Ben Yakov set his chin on his fist and stared at the railing of the bed. He had ceased for the moment to resemble Pierre Fresnay. His eyes were hooded and damp, his mouth drawn into a crumpled line. “There was one time,” he said, slowly. “One day when we were going to meet you and Rosen at the café, he said something about Lemarque. He said he thought Lemarque wasn’t really an anti-Semite—that he hated himself, not Jews. That he had to put on a show so people wouldn’t see him for what he was.”

“What did you say?”

“I said Lemarque could go stuff himself.”

“That’s what I would have said.”

“No,” Ben Yakov said. “You would have listened. You’d have had something intelligent to say in return. You would have asked what made him think so.”

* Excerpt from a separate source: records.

lemma mono_shifted_mult_iff:
  fixes g g' :: "real \<Rightarrow> real"
  assumes deriv: "\<And>x. (g has_real_derivative g' x) (at x)"
    and pos: "\<And>x. g x > 0"
    and upper: "\<And>x. g' x \<le> 2 * exp x * g x"
    and D: "D > 0"
  shows "mono (\<lambda>t. t * g (t - D)) \<longleftrightarrow> (\<forall>x. g' x < 0 \<longrightarrow> D \<le> g x / - g' x - x)"
proof -
  have "((\<lambda>t. t * g (t - D)) has_real_derivative g (t - D) + t * g' (t - D)) (at t)" for t
  proof -
    have "((\<lambda>t. g (t - D)) has_real_derivative g' (t - D) * (1 - 0)) (at t)"
      by (rule DERIV_chain2[OF deriv DERIV_diff[OF DERIV_ident DERIV_const]])
    from DERIV_mult[OF DERIV_ident this] show ?thesis by (simp add: algebra_simps)
  qed
  then have "mono (\<lambda>t. t * g (t - D)) \<longleftrightarrow> (\<forall>t. g (t - D) + t * g' (t - D) \<ge> 0)"
    by (rule mono_iff_deriv_nonneg)
  also have "\<dots> \<longleftrightarrow> (\<forall>x. g x + (x + D) * g' x \<ge> 0)"
  proof (intro iffI allI)
    fix x assume "\<forall>t. g (t - D) + t * g' (t - D) \<ge> 0"
    from this[rule_format, of "x + D"] show "g x + (x + D) * g' x \<ge> 0" by simp
  next
    fix t assume "\<forall>x. g x + (x + D) * g' x \<ge> 0"
    from this[rule_format, of "t - D"] show "g (t - D) + t * g' (t - D) \<ge> 0" by simp
  qed
  also have "\<dots> \<longleftrightarrow> (\<forall>x. g' x < 0 \<longrightarrow> D \<le> g x / - g' x - x)"
  proof (rule all_cong1)
    fix x
    show "g x + (x + D) * g' x \<ge> 0 \<longleftrightarrow> (g' x < 0 \<longrightarrow> D \<le> g x / - g' x - x)"
    proof (cases "g' x < 0")
      case True
      then have "x + D \<le> g x / - g' x \<longleftrightarrow> (x + D) * (- g' x) \<le> g x"
        using pos_le_divide_eq[of "- g' x" "x + D" "g x"] by simp
      with True show ?thesis by (auto simp: algebra_simps)
    next
      case False
      have "g x + (x + D) * g' x \<ge> 0"
      proof (cases "x + D < 0")
        case True
        then show ?thesis using add_mult_nonneg_of_exp_bound[OF upper pos] D by simp
      qed (use False pos[of x] in auto)
      with False show ?thesis by simp
    qed
  qed
  finally show ?thesis .
qed
lemma least_quadratic_form_eigenvector:
  fixes M :: "real^'n^'n"
  assumes sym: "transpose M = M" and least: "\<And>y. lam * (norm y)\<^sup>2 \<le> y \<bullet> (M *v y)"
    and attained: "x \<bullet> (M *v x) = lam * (norm x)\<^sup>2"
  shows "M *v x = lam *\<^sub>R x"
proof -
  define A where "A = M - lam *\<^sub>R mat 1"
  have A: "A *v y = M *v y - lam *\<^sub>R y" for y
    by (simp add: A_def matrix_vector_mult_diff_rdistrib flip: scaleR_matrix_vector_assoc)
  have "A *v x = 0"
  proof (rule psd_quadratic_form_zero_imp_kernel)
    show "transpose A = A"
      using sym by (simp add: A_def transpose_def vec_eq_iff mat_def)
    show "0 \<le> y \<bullet> (A *v y)" for y
      using least[of y] by (simp add: A inner_diff_right power2_norm_eq_inner)
    show "x \<bullet> (A *v x) = 0"
      using attained by (simp add: A inner_diff_right power2_norm_eq_inner)
  qed
  then show ?thesis by (simp add: A)
qed

lemma sigma_min_eq_least_quadratic_form:
  fixes M :: "real^'n^'n"
  assumes M: "symmetric_pd M" and unit: "norm x = 1"
    and least: "\<And>y. (x \<bullet> (M *v x)) * (norm y)\<^sup>2 \<le> y \<bullet> (M *v y)"
  shows "sigma_min M = x \<bullet> (M *v x)"
proof (rule antisym)
  have "x \<noteq> 0" using unit by auto
  then have "x \<bullet> (M *v x) > 0"
    using M by (simp add: symmetric_pd_def)
  moreover have "M *v x = (x \<bullet> (M *v x)) *\<^sub>R x"
    using M unit by (intro least_quadratic_form_eigenvector least) (auto simp: symmetric_pd_def)
  ultimately have "norm (M *v x) = x \<bullet> (M *v x)"
    using unit by (metis norm_scaleR abs_of_pos mult_1_right)
  then show "sigma_min M \<le> x \<bullet> (M *v x)"
    unfolding sigma_min_def using unit
    by (intro cInf_lower[THEN order.trans] bdd_belowI[of _ 0]) auto
next
  show "x \<bullet> (M *v x) \<le> sigma_min M"
    unfolding sigma_min_def
  proof (rule cInf_greatest)
    show "{norm (M *v y) |y. norm y = 1} \<noteq> {}" using unit by auto
    fix r assume "r \<in> {norm (M *v y) |y. norm y = 1}"
    then obtain y where y: "norm y = 1" "r = norm (M *v y)" by auto
    have "x \<bullet> (M *v x) \<le> y \<bullet> (M *v y)" using least[of y] y by simp
    also have "\<dots> \<le> norm y * norm (M *v y)" by (rule norm_cauchy_schwarz)
    finally show "x \<bullet> (M *v x) \<le> r" using y by simp
  qed
qed

lemma sigma_min_pos:
  assumes "symmetric_pd M"
  shows "0 < sigma_min M"
proof -
  obtain x where x: "norm x = 1" and least: "\<And>y. (x \<bullet> (M *v x)) * (norm y)\<^sup>2 \<le> y \<bullet> (M *v y)"
    using quadratic_form_attains_min_on_sphere[of M] by blast
  have "x \<noteq> 0" using x by auto
  then show ?thesis
    using assms sigma_min_eq_least_quadratic_form[OF assms x least] by (simp add: symmetric_pd_def)
qed

lemma sigma_min_mult_norm_le_mnorm2:
  assumes "symmetric_pd M"
  shows "sigma_min M * (norm v)\<^sup>2 \<le> mnorm2 M v"
proof -
  obtain x where "norm x = 1" "\<And>y. (x \<bullet> (M *v x)) * (norm y)\<^sup>2 \<le> y \<bullet> (M *v y)"
    using quadratic_form_attains_min_on_sphere[of M] by blast
  with assms show ?thesis
    by (simp add: sigma_min_eq_least_quadratic_form mnorm2_def)
qed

“He’s a private person,” Andras said. “He might not have said more if you’d asked.”

“But I knew something was wrong. You must have noticed it too. You were working on that project with him. Anyone could tell he hadn’t been sleeping, and he was so quiet when Lemarque was around—quieter than usual.”

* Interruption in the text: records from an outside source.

(* For every integer $n\ge 1$, $|\mathfrak D^1_{2n}(1342,4213)|=2^{n-1}$.
   Context: A Dumont permutation of the first kind of length $2n$ is a permutation $\pi\in\mathfrak S_{2n}$ such that for every $i=1,\dots,2n$: if $\pi(i)$ is even then $i<2n$ and $\pi(i)>\pi(i+1)$; if $\pi(i)$ is odd then $i=2n$ or $\pi(i)<\pi(i+1)$. $\mathfrak D^1_{2n}$ denotes the set of these. A permutation $\sigma$ contains a pattern $\tau\in\mathfrak S_k$ if some subsequence $(\sigma(i_1),\dots,\sigma(i_k))$, $i_1<\dots<i_k$, is order-isomorphic to $\tau$; otherwise $\sigma$ avoids $\tau$. $\mathfrak D^1_{2n}(T)$ denotes the set of permutations in $\mathfrak D^1_{2n}$ avoiding every pattern in $T$. *)

theory Defs
  imports "HOL-Combinatorics.Permutations"
begin

text \<open>Permutations of [m] = {1..m} are functions on nat that permute {1..m}
(and are the identity elsewhere).  Patterns are given in one-line notation as
lists of the values 1..k.\<close>

definition dumont1 :: "nat \<Rightarrow> (nat \<Rightarrow> nat) \<Rightarrow> bool" where
  "dumont1 n \<pi> \<longleftrightarrow> \<pi> permutes {1..2*n} \<and>
     (\<forall>i\<in>{1..2*n}.
        (even (\<pi> i) \<longrightarrow> i < 2*n \<and> \<pi> i > \<pi> (i+1)) \<and>
        (odd (\<pi> i) \<longrightarrow> i = 2*n \<or> \<pi> i < \<pi> (i+1)))"

definition contains_pattern :: "nat \<Rightarrow> (nat \<Rightarrow> nat) \<Rightarrow> nat list \<Rightarrow> bool" where
  "contains_pattern m \<sigma> \<tau> \<longleftrightarrow>
     (\<exists>idx :: nat \<Rightarrow> nat.
        (\<forall>a<length \<tau>. idx a \<in> {1..m}) \<and>
        (\<forall>a b. a < b \<and> b < length \<tau> \<longrightarrow> idx a < idx b) \<and>
        (\<forall>a<length \<tau>. \<forall>b<length \<tau>. \<sigma> (idx a) < \<sigma> (idx b) \<longleftrightarrow> \<tau> ! a < \<tau> ! b))"

definition dumont1_avoid :: "nat \<Rightarrow> nat list set \<Rightarrow> (nat \<Rightarrow> nat) set" where
  "dumont1_avoid n T = {\<pi>. dumont1 n \<pi> \<and> (\<forall>\<tau>\<in>T. \<not> contains_pattern (2*n) \<pi> \<tau>)}"

end

(*
  Let A(n) be the set of Dumont permutations of [2n] avoiding 1342 and 4213. For n >= 1 the
  last two entries of a member of A(n) are either 2n, 2n-1 or 2, 1: the last entry is odd, the
  two patterns force it to be 1 or 2n-1, and they force its left neighbour to be its successor.
  Hence every member of A(n+1) arises in exactly one way from a member of A(n), either by
  appending (2n+2)(2n+1), or by swapping its last two entries, raising all entries by 2 and
  appending 2 1. So |A(n+1)| = 2 |A(n)| and |A(1)| = 1.

  The facts about the last two entries are proved for the larger class obtained by dropping the
  Dumont condition at the last position. This class is closed under complementation, which
  exchanges 1342 and 4213 and so turns the statement for an odd last entry into the one for an
  even last entry; the latter is needed because deleting the final 2 1 leaves a permutation
  ending in an even entry.
*)

theory Submission
  imports Defs
begin

section \<open>Occurrences of 1342 and 4213\<close>

lemma all_less_4_iff: "(\<forall>a<4::nat. P a) \<longleftrightarrow> P 0 \<and> P 1 \<and> P 2 \<and> P 3"
  by (auto simp: less_Suc_eq numeral_eq_Suc)

lemma contains_pattern_length_4:
  assumes "length \<tau> = 4"
  shows "contains_pattern M t \<tau> \<longleftrightarrow>
    (\<exists>i j k l. 1 \<le> i \<and> i < j \<and> j < k \<and> k < l \<and> l \<le> M \<and>
       (\<forall>a<4. \<forall>b<4. t ([i, j, k, l] ! a) < t ([i, j, k, l] ! b) \<longleftrightarrow> \<tau> ! a < \<tau> ! b))"
    (is "_ \<longleftrightarrow> (\<exists>i j k l. ?occ i j k l)")
proof
  assume "contains_pattern M t \<tau>"
  then obtain idx where "\<forall>a<4. idx a \<in> {1..M}" "\<forall>a b. a < b \<and> b < 4 \<longrightarrow> idx a < idx b"
    "\<forall>a<4. \<forall>b<4. t (idx a) < t (idx b) \<longleftrightarrow> \<tau> ! a < \<tau> ! b"
    using assms unfolding contains_pattern_def by auto
  moreover have "\<forall>a<4. [idx 0, idx 1, idx 2, idx 3] ! a = idx a"
    by (simp add: all_less_4_iff)
  ultimately have "?occ (idx 0) (idx 1) (idx 2) (idx 3)"
    by (simp add: all_less_4_iff)
  then show "\<exists>i j k l. ?occ i j k l" by blast
next
  assume "\<exists>i j k l. ?occ i j k l"
  then obtain i j k l where occ: "?occ i j k l" by blast
  have "sorted_wrt (<) [i, j, k, l]" using occ by auto
  then show "contains_pattern M t \<tau>"
    unfolding contains_pattern_def assms sorted_wrt_iff_nth_less
    by (intro exI[of _ "\<lambda>a. [i, j, k, l] ! a"]) (use occ in \<open>auto simp: all_less_4_iff\<close>)
qed

definition has_1342 :: "nat \<Rightarrow> (nat \<Rightarrow> nat) \<Rightarrow> bool" where
  "has_1342 M t \<longleftrightarrow>
     (\<exists>i j k l. 1 \<le> i \<and> i < j \<and> j < k \<and> k < l \<and> l \<le> M \<and> t i < t l \<and> t l < t j \<and> t j < t k)"

definition has_4213 :: "nat \<Rightarrow> (nat \<Rightarrow> nat) \<Rightarrow> bool" where
  "has_4213 M t \<longleftrightarrow>
     (\<exists>i j k l. 1 \<le> i \<and> i < j \<and> j < k \<and> k < l \<and> l \<le> M \<and> t k < t j \<and> t j < t l \<and> t l < t i)"

lemma contains_1342_iff: "contains_pattern M t [1, 3, 4, 2] \<longleftrightarrow> has_1342 M t"
proof -
  have "(\<forall>a<4. \<forall>b<4.
      t ([i, j, k, l] ! a) < t ([i, j, k, l] ! b) \<longleftrightarrow> [1, 3, 4, 2::nat] ! a < [1, 3, 4, 2] ! b)
    \<longleftrightarrow> t i < t l \<and> t l < t j \<and> t j < t k" for i j k l
    by (auto simp: all_less_4_iff)
  then show ?thesis
    unfolding has_1342_def by (subst contains_pattern_length_4) auto
qed

lemma contains_4213_iff: "contains_pattern M t [4, 2, 1, 3] \<longleftrightarrow> has_4213 M t"
proof -
  have "(\<forall>a<4. \<forall>b<4.
      t ([i, j, k, l] ! a) < t ([i, j, k, l] ! b) \<longleftrightarrow> [4, 2, 1, 3::nat] ! a < [4, 2, 1, 3] ! b)
    \<longleftrightarrow> t k < t j \<and> t j < t l \<and> t l < t i" for i j k l
    by (auto simp: all_less_4_iff)
  then show ?thesis
    unfolding has_4213_def by (subst contains_pattern_length_4) auto
qed

lemma has_1342_mono: "has_1342 N t \<Longrightarrow> N \<le> M \<Longrightarrow> has_1342 M t"
  unfolding has_1342_def by (meson order_trans)

lemma has_4213_mono: "has_4213 N t \<Longrightarrow> N \<le> M \<Longrightarrow> has_4213 M t"
  unfolding has_4213_def by (meson order_trans)

lemma has_1342_cong:
  assumes "\<And>a b. a \<in> {1..M} \<Longrightarrow> b \<in> {1..M} \<Longrightarrow> t a < t b \<longleftrightarrow> u a < u b"
  shows "has_1342 M t \<longleftrightarrow> has_1342 M u"
  unfolding has_1342_def by (intro ex_cong1 conj_cong refl) (simp_all add: assms)

lemma has_4213_cong:
  assumes "\<And>a b. a \<in> {1..M} \<Longrightarrow> b \<in> {1..M} \<Longrightarrow> t a < t b \<longleftrightarrow> u a < u b"
  shows "has_4213 M t \<longleftrightarrow> has_4213 M u"
  unfolding has_4213_def by (intro ex_cong1 conj_cong refl) (simp_all add: assms)

lemma has_1342_iff_has_4213_reverse:
  assumes "\<And>a b. a \<in> {1..M} \<Longrightarrow> b \<in> {1..M} \<Longrightarrow> u a < u b \<longleftrightarrow> t b < t a"
  shows "has_1342 M u \<longleftrightarrow> has_4213 M t"
proof -
  have "(u i < u l \<and> u l < u j \<and> u j < u k) \<longleftrightarrow> (t k < t j \<and> t j < t l \<and> t l < t i)"
    if "1 \<le> i" "i < j" "j < k" "k < l" "l \<le> M" for i j k l
    using that assms by auto
  then show ?thesis
    unfolding has_1342_def has_4213_def by blast
qed

lemma has_1342_extend:
  assumes "(\<forall>i\<in>{1..N}. \<forall>l\<in>{N<..N + 2}. t i < t l) \<or> (\<forall>i\<in>{1..N}. \<forall>l\<in>{N<..N + 2}. t l < t i)"
  shows "has_1342 (N + 2) t \<longleftrightarrow> has_1342 N t"
proof
  assume "has_1342 (N + 2) t"
  then obtain i j k l where occ: "1 \<le> i" "i < j" "j < k" "k < l" "l \<le> N + 2"
    "t i < t l" "t l < t j" "t j < t k"
    unfolding has_1342_def by blast
  have "l \<le> N"
  proof (rule ccontr)
    assume "\<not> l \<le> N"
    then have "l \<in> {N<..N + 2}" "i \<in> {1..N}" "j \<in> {1..N}" using occ by auto
    then show False using assms occ(6-8) by (meson less_asym)
  qed
  then show "has_1342 N t" unfolding has_1342_def using occ by blast
qed (simp add: has_1342_mono)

Andras didn’t know what to say. He’d been consumed with thoughts of Klara, with his anticipation of Tibor’s visit, with his own work. He was aware of Polaner as a constant presence in his life, knew him to be guarded and circumspect, even knew him to brood at times; but he hadn’t considered that Polaner might possess private woes as monumental as his own. If the affair with Klara had been difficult, how much harder might it have been for Polaner to nurse a secret attraction to Lemarque? He had spent little time imagining what it might be like to be a man who favored men. There were plenty of girlish men and boyish women in Paris, of course, and everyone knew the famous clubs and balls where they went to meet: Magic-City, the Monocle, the Bal de la Montagne-Sainte-Geneviève; but that world seemed remote from Andras’s life. What hint of it had there been in his own experience? Things had gone on at gimnázium—boys cultivated friendships that seemed romantic in their intrigues and betrayals; and then there were those times when he and his classmates would stand in a row, their shorts around their ankles, bringing themselves off together in the semidark. There was one boy at school whom everyone said loved boys—Willi Mandl, a lanky blond boy who played piano, wore white embroidered socks, and had been glimpsed one afternoon in a secondhand store dreamily fondling a blue silk reticule. But that was all part of the fog of childhood, nothing that seemed to bear upon his current life.

Now Polaner opened his eyes and looked at Andras. Andras touched Ben Yakov’s sleeve. “Polaner,” Andras said. “Can you hear me?”

“Are they here?” Polaner said, almost unintelligibly.

“We’re here,” Andras said. “Go to sleep. We’re not going to leave you.”